**Work instruction**
Print each line from the start of the records below up through the line where "(\<exists>yl. dist y0" is found, exactly as given.

**Material provided**

(* Let $X$ and $Y$ be metric spaces, and assume that $Y$ is metrically convex and unbounded. Let $K\ge0$ and let $f:X\to Y$ be a coarse quotient map with constant $K$ that is coarse Lipschitz. Then $${\rm Lip}_\infty(f)\,c_\infty(f)\ge 1.$$
   Context: For a metric space $Z$, $B_Z(z,r)$ is the closed ball of radius $r$ about $z$; for $A\subseteq Y$, $A^K:=\{y\in Y: d_Y(y,a)\le K\text{ for some }a\in A\}$. $Y$ is metrically convex if for all $y_0,y_1\in Y$ and $0<\lambda<1$ there is $y_\lambda$ with $d(y_0,y_\lambda)=\lambda d(y_0,y_1)$ and $d(y_1,y_\lambda)=(1-\lambda)d(y_0,y_1)$. The modulus of continuity of $f$ is $\omega_f(t):=\sup\{d_Y(f(x),f(y)): d_X(x,y)\le t\}$; $f$ is coarsely continuous if $\omega_f(t)<\infty$ for all $t>0$. $f$ is co-coarsely continuous with constant $K$ if for every $d>K$ there is $\delta(d)>0$ with $f(B_X(x,\delta))^K\supseteq B_Y(f(x),d)$ for all $x\in X$. $f$ is a coarse quotient map with constant $K$ if it is coarsely continuous and co-coarsely continuous with constant $K$. For $s>0$, ${\rm Lip}_s(f):=\sup\{d_Y(f(x),f(y))/d_X(x,y): d_X(x,y)\ge s\}$, ${\rm Lip}_\infty(f):=\inf_{s>0}{\rm Lip}_s(f)$, and $f$ is coarse Lipschitz if ${\rm Lip}_s(f)<\infty$ for some $s>0$. For $d>K$, let $c_d$ be the infimum of all $c>0$ such that $f(B_X(x,cr))^K\supseteq B_Y(f(x),r)$ for all $x\in X$ and all $r\ge d$ (such $c$ exist since $Y$ is metrically convex); $(c_d)_{d>K}$ is non-increasing, and $c_\infty(f):=\inf_{d>K}c_d=\lim_{d\to\infty}c_d$. *)

theory Defs
  imports "HOL-Analysis.Analysis"
begin

definition nbhd :: "real \<Rightarrow> 'b::metric_space set \<Rightarrow> 'b set" where
  "nbhd K A = {y. \<exists>a\<in>A. dist y a \<le> K}"

definition metrically_convex :: "'b::metric_space itself \<Rightarrow> bool" where
  "metrically_convex (_ :: 'b itself) \<longleftrightarrow>
     (\<forall>(y0::'b) y1 (l::real). 0 < l \<and> l < 1 \<longrightarrow>
        (\<exists>yl. dist y0 yl = l * dist y0 y1 \<and> dist y1 yl = (1 - l) * dist y0 y1))"

definition modulus :: "('a::metric_space \<Rightarrow> 'b::metric_space) \<Rightarrow> real \<Rightarrow> ereal" where
  "modulus f t = (SUP p \<in> {(x, y). dist x y \<le> t}. ereal (dist (f (fst p)) (f (snd p))))"

definition coarsely_continuous :: "('a::metric_space \<Rightarrow> 'b::metric_space) \<Rightarrow> bool" where
  "coarsely_continuous f \<longleftrightarrow> (\<forall>t>0. modulus f t < \<infinity>)"

definition co_coarsely_continuous :: "('a::metric_space \<Rightarrow> 'b::metric_space) \<Rightarrow> real \<Rightarrow> bool" where
  "co_coarsely_continuous f K \<longleftrightarrow>
     (\<forall>d>K. \<exists>\<delta>>0. \<forall>x. cball (f x) d \<subseteq> nbhd K (f ` cball x \<delta>))"

definition coarse_quotient_map :: "('a::metric_space \<Rightarrow> 'b::metric_space) \<Rightarrow> real \<Rightarrow> bool" where
  "coarse_quotient_map f K \<longleftrightarrow> coarsely_continuous f \<and> co_coarsely_continuous f K"

text \<open>Lip_s(f); the supremum of the empty set is taken to be 0 (all quotients are \<ge> 0).\<close>
definition Lip_s :: "real \<Rightarrow> ('a::metric_space \<Rightarrow> 'b::metric_space) \<Rightarrow> ereal" where
  "Lip_s s f = Sup (insert 0 {ereal (dist (f x) (f y) / dist x y) | x y. dist x y \<ge> s})"

definition Lip_inf :: "('a::metric_space \<Rightarrow> 'b::metric_space) \<Rightarrow> ereal" where
  "Lip_inf f = (INF s \<in> {s. s > 0}. Lip_s s f)"

definition coarse_Lipschitz :: "('a::metric_space \<Rightarrow> 'b::metric_space) \<Rightarrow> bool" where
  "coarse_Lipschitz f \<longleftrightarrow> (\<exists>s>0. Lip_s s f < \<infinity>)"

definition c_d :: "('a::metric_space \<Rightarrow> 'b::metric_space) \<Rightarrow> real \<Rightarrow> real \<Rightarrow> ereal" where
  "c_d f K d = Inf (ereal ` {c. c > 0 \<and>
       (\<forall>x r. r \<ge> d \<longrightarrow> cball (f x) r \<subseteq> nbhd K (f ` cball x (c * r)))})"

definition c_inf :: "('a::metric_space \<Rightarrow> 'b::metric_space) \<Rightarrow> real \<Rightarrow> ereal" where
  "c_inf f K = (INF d \<in> {d. d > K}. c_d f K d)"

end

theory Submission
  imports Defs
begin

text \<open>Fix x and a scale c for which the K-neighbourhood of f(B(x, c r)) covers B(f x, r)
  for all large r. Unboundedness and metric convexity give a point z at distance exactly r
  from f x, so some y with d(x, y) \<le> c r has d(f x, f y) \<ge> r - K; for large r this forces
  d(x, y) to be large and Lip_s(f) \<ge> (r - K) / (c r), which tends to 1/c. Taking infima
  over the admissible c gives c_inf(f) \<ge> 1 / Lip_inf(f). Co-coarse continuity, chained
  along geodesic-like steps, guarantees that some admissible c exists, so Lip_inf(f) > 0.\<close>

definition linearly_co_coarse ::
    "('a::metric_space \<Rightarrow> 'b::metric_space) \<Rightarrow> real \<Rightarrow> real \<Rightarrow> real \<Rightarrow> bool" where
  "linearly_co_coarse f K c d \<longleftrightarrow>
     (\<forall>x r. r \<ge> d \<longrightarrow> cball (f x) r \<subseteq> nbhd K (f ` cball x (c * r)))"

lemma c_d_eq: "c_d f K d = Inf (ereal ` {c. c > 0 \<and> linearly_co_coarse f K c d})"
  unfolding c_d_def linearly_co_coarse_def ..

lemma metrically_convex_intermediate_point:
  fixes a b :: "'b::metric_space"
  assumes "metrically_convex TYPE('b)" and "0 \<le> r" and "r \<le> dist a b"
  shows "\<exists>z. dist a z = r \<and> dist z b = dist a b - r"
proof (cases "r = 0 \<or> r = dist a b")
  case True
  then show ?thesis
    by (metis diff_self diff_zero dist_self)
next
  case False
  define l where "l = r / dist a b"
  have "0 < r" "r < dist a b" "0 < dist a b"
    using False assms(2,3) by auto
  then have "0 < l" "l < 1"
    by (simp_all add: l_def divide_less_eq)
  then obtain z where "dist a z = l * dist a b" "dist b z = (1 - l) * dist a b"
    using assms(1) unfolding metrically_convex_def by blast
  moreover have "l * dist a b = r"
    using False assms(2,3) by (auto simp: l_def)
  ultimately show ?thesis
    by (metis add_diff_cancel_left' dist_commute left_diff_distrib' mult_1)
qed

text \<open>Each unit step in Y is lifted by one application of co-coarse continuity at scale
  K + 1; metric convexity cuts a long segment into unit steps.\<close>
lemma co_coarse_chain:
  fixes f :: "'a::metric_space \<Rightarrow> 'b::metric_space"
  assumes mc: "metrically_convex TYPE('b)" and "K \<ge> 0"
    and cc: "\<And>x. cball (f x) (K + 1) \<subseteq> nbhd K (f ` cball x \<delta>)"
    and "dist (f x) y \<le> real n"
  shows "\<exists>x'. dist x x' \<le> real n * \<delta> \<and> dist y (f x') \<le> K"
  using assms(4)
proof (induction n arbitrary: y)
  case 0
  then show ?case
    using \<open>K \<ge> 0\<close> by (intro exI[of _ x]) auto
next
  case (Suc n)
  obtain z where z_near: "dist (f x) z \<le> real n" and z_step: "dist z y \<le> 1"
  proof (cases "dist (f x) y \<le> 1")
    case True
    then show ?thesis
      using that[of "f x"] by simp
  next
    case False
    then obtain z where "dist (f x) z = dist (f x) y - 1" "dist z y = 1"
      using metrically_convex_intermediate_point[OF mc, of "dist (f x) y - 1" "f x" y] by auto
    then show ?thesis
      using that[of z] Suc.prems by simp
  qed
  obtain x' where x': "dist x x' \<le> real n * \<delta>" "dist z (f x') \<le> K"
    using Suc.IH[OF z_near] by blast
  have "dist (f x') y \<le> K + 1"
    using dist_triangle[of "f x'" y z] x' z_step by (simp add: dist_commute)
  then obtain x'' where x'': "dist x' x'' \<le> \<delta>" "dist y (f x'') \<le> K"
    using cc[of x'] unfolding nbhd_def by auto
  have "dist x x'' \<le> real (Suc n) * \<delta>"
    using dist_triangle[of x x'' x'] x' x'' by (simp add: algebra_simps)
  with x'' show ?case
    by blast
qed

lemma coarse_quotient_map_linearly_co_coarse:
  fixes f :: "'a::metric_space \<Rightarrow> 'b::metric_space"
  assumes mc: "metrically_convex TYPE('b)" and K: "K \<ge> 0" and "coarse_quotient_map f K"
  obtains c where "c > 0" "linearly_co_coarse f K c (K + 1)"
proof -
  obtain \<delta> where "\<delta> > 0" and cc: "\<And>x. cball (f x) (K + 1) \<subseteq> nbhd K (f ` cball x \<delta>)"
    using assms(3) unfolding coarse_quotient_map_def co_coarsely_continuous_def
    by (meson less_add_one)
  have "cball (f x) r \<subseteq> nbhd K (f ` cball x ((2 * \<delta>) * r))" if r: "r \<ge> K + 1" for x r
  proof
    fix y assume "y \<in> cball (f x) r"
    moreover define n where "n = nat \<lceil>r\<rceil>"
    ultimately have "dist (f x) y \<le> real n"
      by (simp add: n_def) linarith
    then obtain x' where x': "dist x x' \<le> real n * \<delta>" "dist y (f x') \<le> K"
      using co_coarse_chain[OF mc K cc] by blast
    have "real n \<le> 2 * r"
      using r K by (simp add: n_def) linarith
    then have "real n * \<delta> \<le> (2 * \<delta>) * r"
      using \<open>\<delta> > 0\<close> by (simp add: algebra_simps)
    with x' show "y \<in> nbhd K (f ` cball x ((2 * \<delta>) * r))"
      unfolding nbhd_def by force
  qed
  then show thesis
    using that[of "2 * \<delta>"] \<open>\<delta> > 0\<close> unfolding linearly_co_coarse_def by auto
qed

lemma coarsely_continuous_bounded_increment:
  assumes "coarsely_continuous f" and "s > 0"
  obtains M where "\<And>x y. dist x y \<le> s \<Longrightarrow> dist (f x) (f y) \<le> M"
proof -
  have upper: "ereal (dist (f x) (f y)) \<le> modulus f s" if "dist x y \<le> s" for x y
    unfolding modulus_def
    using SUP_upper[of "(x, y)" "{(x, y). dist x y \<le> s}" "\<lambda>p. ereal (dist (f (fst p)) (f (snd p)))"]
      that by auto
  have "modulus f s \<noteq> \<infinity>"
    using assms unfolding coarsely_continuous_def by auto
  moreover have "modulus f s \<noteq> -\<infinity>"
    using upper[of undefined undefined] \<open>s > 0\<close> by auto
  ultimately obtain M where "modulus f s = ereal M"
    by (cases "modulus f s") auto
  then show thesis
    using that[of M] upper by simp
qed

lemma Lip_s_nonneg: "0 \<le> Lip_s s f"
  unfolding Lip_s_def by (rule Sup_upper) simp

lemma dist_le_Lip_s:
  assumes "Lip_s s f = ereal L" and "dist x y \<ge> s" and "dist x y > 0"
  shows "dist (f x) (f y) \<le> L * dist x y"
proof -
  have "ereal (dist (f x) (f y) / dist x y) \<le> Lip_s s f"
    unfolding Lip_s_def using assms(2) by (intro Sup_upper) blast
  then show ?thesis
    using assms(1,3) by (simp add: divide_le_eq)
qed

lemma inverse_scale_le_Lip_s:
  fixes f :: "'a::metric_space \<Rightarrow> 'b::metric_space"
  assumes mc: "metrically_convex TYPE('b)" and unbounded: "\<not> bounded (UNIV :: 'b set)"
    and "K \<ge> 0" and "coarsely_continuous f" and "s > 0"
    and "c > 0" and lin: "linearly_co_coarse f K c d"
  shows "ereal (1 / c) \<le> Lip_s s f"
proof (rule ccontr)
  assume "\<not> ereal (1 / c) \<le> Lip_s s f"
  then obtain L where L: "Lip_s s f = ereal L" "L < 1 / c"
    using Lip_s_nonneg[of s f] by (cases "Lip_s s f") auto
  then have "0 \<le> L"
    using Lip_s_nonneg[of s f] by simp
  have cL: "c * L < 1"
    using L \<open>c > 0\<close> by (simp add: field_simps)
  obtain M where M: "\<And>x y. dist x y \<le> s \<Longrightarrow> dist (f x) (f y) \<le> M"
    using coarsely_continuous_bounded_increment[OF assms(4,5)] by blast
  define r where "r = max d (max (M + K + 1) (K / (1 - c * L) + 1))"
  have r: "r \<ge> d" "r \<ge> M + K + 1" "r > K / (1 - c * L)"
    unfolding r_def by auto
  have "0 \<le> M"
    using M[of undefined undefined] \<open>s > 0\<close> by simp
  then have "r \<ge> 0"
    using r \<open>K \<ge> 0\<close> by linarith
  fix x :: 'a
  obtain w where "dist (f x) w > r"
    using unbounded unfolding bounded_any_center[of _ "f x"] by (meson not_le)
  then obtain z where z: "dist (f x) z = r"
    using metrically_convex_intermediate_point[OF mc \<open>r \<ge> 0\<close>, of "f x" w] by fastforce
  then obtain y where y: "dist x y \<le> c * r" "dist z (f y) \<le> K"
    using lin r(1) unfolding linearly_co_coarse_def nbhd_def by fastforce
  have far: "dist (f x) (f y) \<ge> r - K"
    using dist_triangle[of "f x" z "f y"] z y(2) by (simp add: dist_commute)
  then have "dist x y > s"
    using M[of x y] r(2) by fastforce
  then have "dist (f x) (f y) \<le> L * dist x y"
    using \<open>s > 0\<close> by (intro dist_le_Lip_s[OF L(1)]) auto
  also have "\<dots> \<le> L * (c * r)"
    using y(1) \<open>0 \<le> L\<close> by (simp add: mult_left_mono)
  finally have "r * (1 - c * L) \<le> K"
    using far by (simp add: algebra_simps)
  then have "r \<le> K / (1 - c * L)"
    using cL by (simp add: field_simps)
  then show False
    using r(3) by linarith
qed

lemma inverse_scale_le_Lip_inf:
  fixes f :: "'a::metric_space \<Rightarrow> 'b::metric_space"
  assumes "metrically_convex TYPE('b)" and "\<not> bounded (UNIV :: 'b set)"
    and "K \<ge> 0" and "coarsely_continuous f"
    and "c > 0" and "linearly_co_coarse f K c d"
  shows "ereal (1 / c) \<le> Lip_inf f"
  unfolding Lip_inf_def
  using inverse_scale_le_Lip_s[OF assms(1-4) _ assms(5,6)] by (auto intro: INF_greatest)

lemma coarse_Lipschitz_Lip_inf_finite: "coarse_Lipschitz f \<Longrightarrow> Lip_inf f < \<infinity>"
  unfolding coarse_Lipschitz_def Lip_inf_def
  by (meson INF_lower le_less_trans mem_Collect_eq)

lemma inverse_le_c_inf:
  assumes "l > 0" and "\<And>c d. c > 0 \<Longrightarrow> d > K \<Longrightarrow> linearly_co_coarse f K c d \<Longrightarrow> 1 / c \<le> l"
  shows "ereal (1 / l) \<le> c_inf f K"
  unfolding c_inf_def c_d_eq
proof (rule INF_greatest, rule Inf_greatest)
  fix d y assume "d \<in> {d. d > K}" and "y \<in> ereal ` {c. c > 0 \<and> linearly_co_coarse f K c d}"
  then obtain c where "y = ereal c" "c > 0" "1 / c \<le> l"
    using assms(2) by blast
  then show "ereal (1 / l) \<le> y"
    using assms(1) by (simp add: field_simps)
qed

theorem lemma2p4:
  fixes f :: "'a::metric_space \<Rightarrow> 'b::metric_space" and K :: real
  assumes "metrically_convex TYPE('b)"
    and "\<not> bounded (UNIV :: 'b set)"
    and "K \<ge> 0"
    and "coarse_quotient_map f K"
    and "coarse_Lipschitz f"
  shows "Lip_inf f * c_inf f K \<ge> 1"
proof -
  have cont: "coarsely_continuous f"
    using assms(4) unfolding coarse_quotient_map_def by simp
  note Lip_inf_lower = inverse_scale_le_Lip_inf[OF assms(1-3) cont]
  obtain c0 where "c0 > 0" "linearly_co_coarse f K c0 (K + 1)"
    using coarse_quotient_map_linearly_co_coarse[OF assms(1,3,4)] .
  then have "0 < Lip_inf f"
    using Lip_inf_lower[of c0] by (meson ereal_less(2) less_le_trans zero_less_divide_1_iff)
  then obtain l where l: "Lip_inf f = ereal l" "l > 0"
    using coarse_Lipschitz_Lip_inf_finite[OF assms(5)]
    by (cases "Lip_inf f") auto
  have "ereal (1 / l) \<le> c_inf f K"
    using inverse_le_c_inf[of l] Lip_inf_lower l by force
  then have "ereal l * ereal (1 / l) \<le> Lip_inf f * c_inf f K"
    unfolding l(1) by (rule ereal_mult_left_mono) (use l in simp)
  then show ?thesis
    using l by (simp add: one_ereal_def)
qed

end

**Response below**
(* Let $X$ and $Y$ be metric spaces, and assume that $Y$ is metrically convex and unbounded. Let $K\ge0$ and let $f:X\to Y$ be a coarse quotient map with constant $K$ that is coarse Lipschitz. Then $${\rm Lip}_\infty(f)\,c_\infty(f)\ge 1.$$
   Context: For a metric space $Z$, $B_Z(z,r)$ is the closed ball of radius $r$ about $z$; for $A\subseteq Y$, $A^K:=\{y\in Y: d_Y(y,a)\le K\text{ for some }a\in A\}$. $Y$ is metrically convex if for all $y_0,y_1\in Y$ and $0<\lambda<1$ there is $y_\lambda$ with $d(y_0,y_\lambda)=\lambda d(y_0,y_1)$ and $d(y_1,y_\lambda)=(1-\lambda)d(y_0,y_1)$. The modulus of continuity of $f$ is $\omega_f(t):=\sup\{d_Y(f(x),f(y)): d_X(x,y)\le t\}$; $f$ is coarsely continuous if $\omega_f(t)<\infty$ for all $t>0$. $f$ is co-coarsely continuous with constant $K$ if for every $d>K$ there is $\delta(d)>0$ with $f(B_X(x,\delta))^K\supseteq B_Y(f(x),d)$ for all $x\in X$. $f$ is a coarse quotient map with constant $K$ if it is coarsely continuous and co-coarsely continuous with constant $K$. For $s>0$, ${\rm Lip}_s(f):=\sup\{d_Y(f(x),f(y))/d_X(x,y): d_X(x,y)\ge s\}$, ${\rm Lip}_\infty(f):=\inf_{s>0}{\rm Lip}_s(f)$, and $f$ is coarse Lipschitz if ${\rm Lip}_s(f)<\infty$ for some $s>0$. For $d>K$, let $c_d$ be the infimum of all $c>0$ such that $f(B_X(x,cr))^K\supseteq B_Y(f(x),r)$ for all $x\in X$ and all $r\ge d$ (such $c$ exist since $Y$ is metrically convex); $(c_d)_{d>K}$ is non-increasing, and $c_\infty(f):=\inf_{d>K}c_d=\lim_{d\to\infty}c_d$. *)

theory Defs
  imports "HOL-Analysis.Analysis"
begin

definition nbhd :: "real \<Rightarrow> 'b::metric_space set \<Rightarrow> 'b set" where
  "nbhd K A = {y. \<exists>a\<in>A. dist y a \<le> K}"

definition metrically_convex :: "'b::metric_space itself \<Rightarrow> bool" where
  "metrically_convex (_ :: 'b itself) \<longleftrightarrow>
     (\<forall>(y0::'b) y1 (l::real). 0 < l \<and> l < 1 \<longrightarrow>
        (\<exists>yl. dist y0 yl = l * dist y0 y1 \<and> dist y1 yl = (1 - l) * dist y0 y1))"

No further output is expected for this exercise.